• **Action item**:
Within the records that follow, find every line containing the string "longleftrightarrow". Copy those lines.

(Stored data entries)
--- START ---

(* Let $(\mathbf X,\mathbf Y)$ be a general correlated source satisfying the conditional strong converse property, i.e. $\underline H(\mathbf X|\mathbf Y)=\overline H(\mathbf X|\mathbf Y)$. Then for any $\varepsilon\in[0,1]$, \[R^\varepsilon_{com}(\mathbf X|\mathbf Y)=(1-\varepsilon)\underline H(\mathbf X|\mathbf Y)=(1-\varepsilon)\overline H(\mathbf X|\mathbf Y).\]
   Context: A general correlated source $(\mathbf X,\mathbf Y)=\{(X^n,Y^n)\}_{n\ge1}$ is an arbitrary sequence of pairs of random variables on $\mathcal X^n\times\mathcal Y^n$, $\mathcal X,\mathcal Y$ finite or countably infinite (no structural assumptions). Logs base 2. $\mathrm{p\text{-}limsup}_n Z_n=\inf\{\alpha:\lim_n\Pr\{Z_n>\alpha\}=0\}$, $\mathrm{p\text{-}liminf}_n Z_n=\sup\{\beta:\lim_n\Pr\{Z_n<\beta\}=0\}$; $\overline H(\mathbf X|\mathbf Y)=\mathrm{p\text{-}limsup}_n\frac1n\log\frac1{P_{X^n|Y^n}(X^n|Y^n)}$, $\underline H(\mathbf X|\mathbf Y)=\mathrm{p\text{-}liminf}_n\frac1n\log\frac1{P_{X^n|Y^n}(X^n|Y^n)}$. Coding with common side-information: a blocklength-$n$ code is $(\varphi_n,\psi_n)$, $\varphi_n:\mathcal X^n\times\mathcal Y^n\to\{0,1\}^*$ with $\{\varphi_n(x^n|y^n):x^n\}$ prefix-free for each $y^n$, $\psi_n:\{0,1\}^*\times\mathcal Y^n\to\mathcal X^n$; error probability $\Pr\{\psi_n(\varphi_n(X^n|Y^n),Y^n)\ne X^n\}$; $\ell_n(x^n|y^n)$ the codeword length. For $\varepsilon\in[0,1]$, $R$ is $\varepsilon$-achievable if there are codes with $\limsup_n$ error probability $\le\varepsilon$ and $\limsup_n\frac1n\mathbb E[\ell_n(X^n|Y^n)]\le R$; $R^\varepsilon_{com}(\mathbf X|\mathbf Y)$ is the infimum of $\varepsilon$-achievable rates. *)

theory Defs
  imports "HOL-Probability.Probability" "HOL-Library.Sublist"
begin

definition general_source :: "(nat \<Rightarrow> ('a list \<times> 'b list) pmf) \<Rightarrow> bool" where
  "general_source P \<longleftrightarrow>
     (\<forall>n\<ge>1. set_pmf (P n) \<subseteq> {(x, y). length x = n \<and> length y = n})"

definition cond_prob :: "(nat \<Rightarrow> ('a list \<times> 'b list) pmf) \<Rightarrow> nat \<Rightarrow> 'a list \<Rightarrow> 'b list \<Rightarrow> real" where
  "cond_prob P n x y = pmf (P n) (x, y) / pmf (map_pmf snd (P n)) y"

definition cond_info_dens :: "(nat \<Rightarrow> ('a list \<times> 'b list) pmf) \<Rightarrow> nat \<Rightarrow> 'a list \<times> 'b list \<Rightarrow> real" where
  "cond_info_dens P n xy = (1 / real n) * log 2 (1 / cond_prob P n (fst xy) (snd xy))"

definition p_limsup :: "(nat \<Rightarrow> 'c pmf) \<Rightarrow> (nat \<Rightarrow> 'c \<Rightarrow> real) \<Rightarrow> ereal" where
  "p_limsup M Z = Inf {\<alpha>::ereal.
     (\<lambda>n. measure_pmf.prob (M n) {\<omega>. ereal (Z n \<omega>) > \<alpha>}) \<longlonglongrightarrow> 0}"

definition p_liminf :: "(nat \<Rightarrow> 'c pmf) \<Rightarrow> (nat \<Rightarrow> 'c \<Rightarrow> real) \<Rightarrow> ereal" where
  "p_liminf M Z = Sup {\<beta>::ereal.
     (\<lambda>n. measure_pmf.prob (M n) {\<omega>. ereal (Z n \<omega>) < \<beta>}) \<longlonglongrightarrow> 0}"

definition cond_spectral_sup_entropy :: "(nat \<Rightarrow> ('a list \<times> 'b list) pmf) \<Rightarrow> ereal" where
  "cond_spectral_sup_entropy P = p_limsup P (cond_info_dens P)"

definition cond_spectral_inf_entropy :: "(nat \<Rightarrow> ('a list \<times> 'b list) pmf) \<Rightarrow> ereal" where
  "cond_spectral_inf_entropy P = p_liminf P (cond_info_dens P)"

definition prefix_free :: "bool list set \<Rightarrow> bool" where
  "prefix_free C \<longleftrightarrow> (\<forall>c\<in>C. \<forall>c'\<in>C. c \<noteq> c' \<longrightarrow> \<not> prefix c c')"

definition valid_code :: "nat \<Rightarrow> ('a list \<Rightarrow> 'b list \<Rightarrow> bool list) \<Rightarrow> bool" where
  "valid_code n enc \<longleftrightarrow>
     (\<forall>y. length y = n \<longrightarrow> prefix_free {enc x y | x. length x = n})"

definition error_prob :: "(nat \<Rightarrow> ('a list \<times> 'b list) pmf) \<Rightarrow> nat \<Rightarrow>
    ('a list \<Rightarrow> 'b list \<Rightarrow> bool list) \<Rightarrow> (bool list \<Rightarrow> 'b list \<Rightarrow> 'a list) \<Rightarrow> real" where
  "error_prob P n enc dec = measure_pmf.prob (P n) {(x, y). dec (enc x y) y \<noteq> x}"

definition exp_length :: "(nat \<Rightarrow> ('a list \<times> 'b list) pmf) \<Rightarrow> nat \<Rightarrow>
    ('a list \<Rightarrow> 'b list \<Rightarrow> bool list) \<Rightarrow> ennreal" where
  "exp_length P n enc = (\<integral>\<^sup>+ xy. ennreal (real (length (enc (fst xy) (snd xy)))) \<partial>measure_pmf (P n))"

definition achievable_com :: "(nat \<Rightarrow> ('a list \<times> 'b list) pmf) \<Rightarrow> real \<Rightarrow> real \<Rightarrow> bool" where
  "achievable_com P \<epsilon> R \<longleftrightarrow>
     (\<exists>(enc :: nat \<Rightarrow> 'a list \<Rightarrow> 'b list \<Rightarrow> bool list) (dec :: nat \<Rightarrow> bool list \<Rightarrow> 'b list \<Rightarrow> 'a list).
        (\<forall>n\<ge>1. valid_code n (enc n)) \<and>
        limsup (\<lambda>n. ereal (error_prob P n (enc n) (dec n))) \<le> ereal \<epsilon> \<and>
        limsup (\<lambda>n. ereal (1 / real n) * enn2ereal (exp_length P n (enc n))) \<le> ereal R)"

definition R_com :: "(nat \<Rightarrow> ('a list \<times> 'b list) pmf) \<Rightarrow> real \<Rightarrow> ereal" where
  "R_com P \<epsilon> = Inf (ereal ` {R. achievable_com P \<epsilon> R})"

end

theory Submission
  imports Defs
begin

text \<open>Let \<open>Z\<^sub>n\<close> be the normalised conditional information density.
  Converse: fix \<open>0 < a < M < H_inf\<close>. Fewer than \<open>2 ^ (n a + 1)\<close> words have length at most
  \<open>n a\<close>, and the pairs decoded correctly from a fixed word \<open>w\<close> lie on the graph
  \<open>x = dec w y\<close>. Those with \<open>P(x|y) \<le> 2 powr (- n M)\<close> have total mass at most
  \<open>2 ^ (n a + 1) * 2 powr (- n M) \<rightarrow> 0\<close>, the others have mass \<open>Pr{Z\<^sub>n < M} \<rightarrow> 0\<close>. So
  asymptotically a fraction \<open>1 - \<epsilon>\<close> of the pairs gets codewords longer than \<open>n a\<close>.
  Achievability: for \<open>0 < s < H_inf\<close> and \<open>r > H_sup\<close> the pairs with
  \<open>2 powr (- n r) \<le> P(x|y) \<le> 2 powr (- n s)\<close> carry mass tending to one, and for each \<open>y\<close>
  at most \<open>2 ^ \<lceil>n r\<rceil>\<close> values of \<open>x\<close> qualify, so they can be indexed by \<open>\<lceil>n r\<rceil>\<close> bits.
  Encoding only a part of mass \<open>1 - \<epsilon>\<close> and sending a single flag bit otherwise gives error
  \<open>\<epsilon>\<close> and rate \<open>(1 - \<epsilon>) r\<close>. The two bounds meet when \<open>H_inf = H_sup\<close>.\<close>

subsection \<open>Conditional probabilities\<close>

lemma pmf_le_pmf_map_snd: "pmf M (x, y) \<le> pmf (map_pmf snd M) y"
proof -
  have "pmf M (x, y) = measure M {(x, y)}" by (simp add: measure_pmf_single)
  also have "\<dots> \<le> measure M (snd -` {y})" by (rule measure_pmf.finite_measure_mono) auto
  finally show ?thesis by (simp add: pmf_map)
qed

lemma pmf_eq_cond_prob_mult: "pmf (P n) (x, y) = cond_prob P n x y * pmf (map_pmf snd (P n)) y"
  using pmf_le_pmf_map_snd[of "P n" x y]
  by (cases "pmf (map_pmf snd (P n)) y = 0") (simp_all add: cond_prob_def)

lemma cond_prob_nonneg: "0 \<le> cond_prob P n x y"
  by (simp add: cond_prob_def)

lemma cond_prob_le_1: "cond_prob P n x y \<le> 1"
  using pmf_le_pmf_map_snd[of "P n" x y] by (auto simp: cond_prob_def divide_le_eq_1)

lemma pmf_le_cond_prob: "pmf (P n) (x, y) \<le> cond_prob P n x y"
  using mult_left_mono[OF pmf_le_1 cond_prob_nonneg] by (simp add: pmf_eq_cond_prob_mult)

lemma cond_prob_pos: "(x, y) \<in> set_pmf (P n) \<Longrightarrow> 0 < cond_prob P n x y"
  using pmf_eq_cond_prob_mult[of P n x y] cond_prob_nonneg[of P n x y]
  by (auto simp: set_pmf_eq zero_less_mult_iff order_less_le)

lemma sum_cond_prob_le_1:
  assumes "finite S"
  shows "(\<Sum>x\<in>S. cond_prob P n x y) \<le> 1"
proof (cases "pmf (map_pmf snd (P n)) y = 0")
  case True
  then show ?thesis by (simp add: cond_prob_def)
next
  case False
  then have pos: "0 < pmf (map_pmf snd (P n)) y" by (simp add: order_less_le)
  have "(\<Sum>x\<in>S. cond_prob P n x y) * pmf (map_pmf snd (P n)) y = (\<Sum>x\<in>S. pmf (P n) (x, y))"
    by (simp add: pmf_eq_cond_prob_mult sum_distrib_right)
  also have "\<dots> = measure (P n) ((\<lambda>x. (x, y)) ` S)"
    using assms by (simp add: measure_measure_pmf_finite sum.reindex inj_on_def)
  also have "\<dots> \<le> measure (P n) (snd -` {y})" by (rule measure_pmf.finite_measure_mono) auto
  also have "\<dots> = 1 * pmf (map_pmf snd (P n)) y" by (simp add: pmf_map)
  finally show ?thesis using pos by (simp only: mult_le_cancel_right)
qed

lemma card_mult_le_1_if_cond_prob_ge:
  assumes "finite S" and "\<And>x. x \<in> S \<Longrightarrow> c \<le> cond_prob P n x y"
  shows "real (card S) * c \<le> 1"
proof -
  have "real (card S) * c = (\<Sum>x\<in>S. c)" by simp
  also have "\<dots> \<le> (\<Sum>x\<in>S. cond_prob P n x y)" using assms(2) by (rule sum_mono)
  also have "\<dots> \<le> 1" using assms(1) by (rule sum_cond_prob_le_1)
  finally show ?thesis .
qed

lemma finite_cond_prob_ge:
  assumes "0 < c"
  shows "finite {x. c \<le> cond_prob P n x y}"
proof (rule ccontr)
  assume "infinite {x. c \<le> cond_prob P n x y}"
  then obtain S where S: "finite S" "card S = nat \<lceil>1 / c\<rceil> + 1" "S \<subseteq> {x. c \<le> cond_prob P n x y}"
    using infinite_arbitrarily_large by blast
  then have "real (card S) * c \<le> 1" by (intro card_mult_le_1_if_cond_prob_ge) auto
  moreover have "1 / c < real (card S)" using S(2) by linarith
  ultimately show False using assms by (simp add: field_simps)
qed

lemma card_cond_prob_ge_le:
  assumes "0 < c"
  shows "real (card {x. c \<le> cond_prob P n x y}) * c \<le> 1"
  using finite_cond_prob_ge[OF assms] by (rule card_mult_le_1_if_cond_prob_ge) simp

--- END ---

• **Solution to the problem**:
  "general_source P \<longleftrightarrow>
  "prefix_free C \<longleftrightarrow> (\<forall>c\<in>C. \<forall>c'\<in>C. c \<noteq> c' \<longrightarrow> \<not> prefix c c')"
  "valid_code n enc \<longleftrightarrow>
  "achievable_com P \<epsilon> R \<longleftrightarrow>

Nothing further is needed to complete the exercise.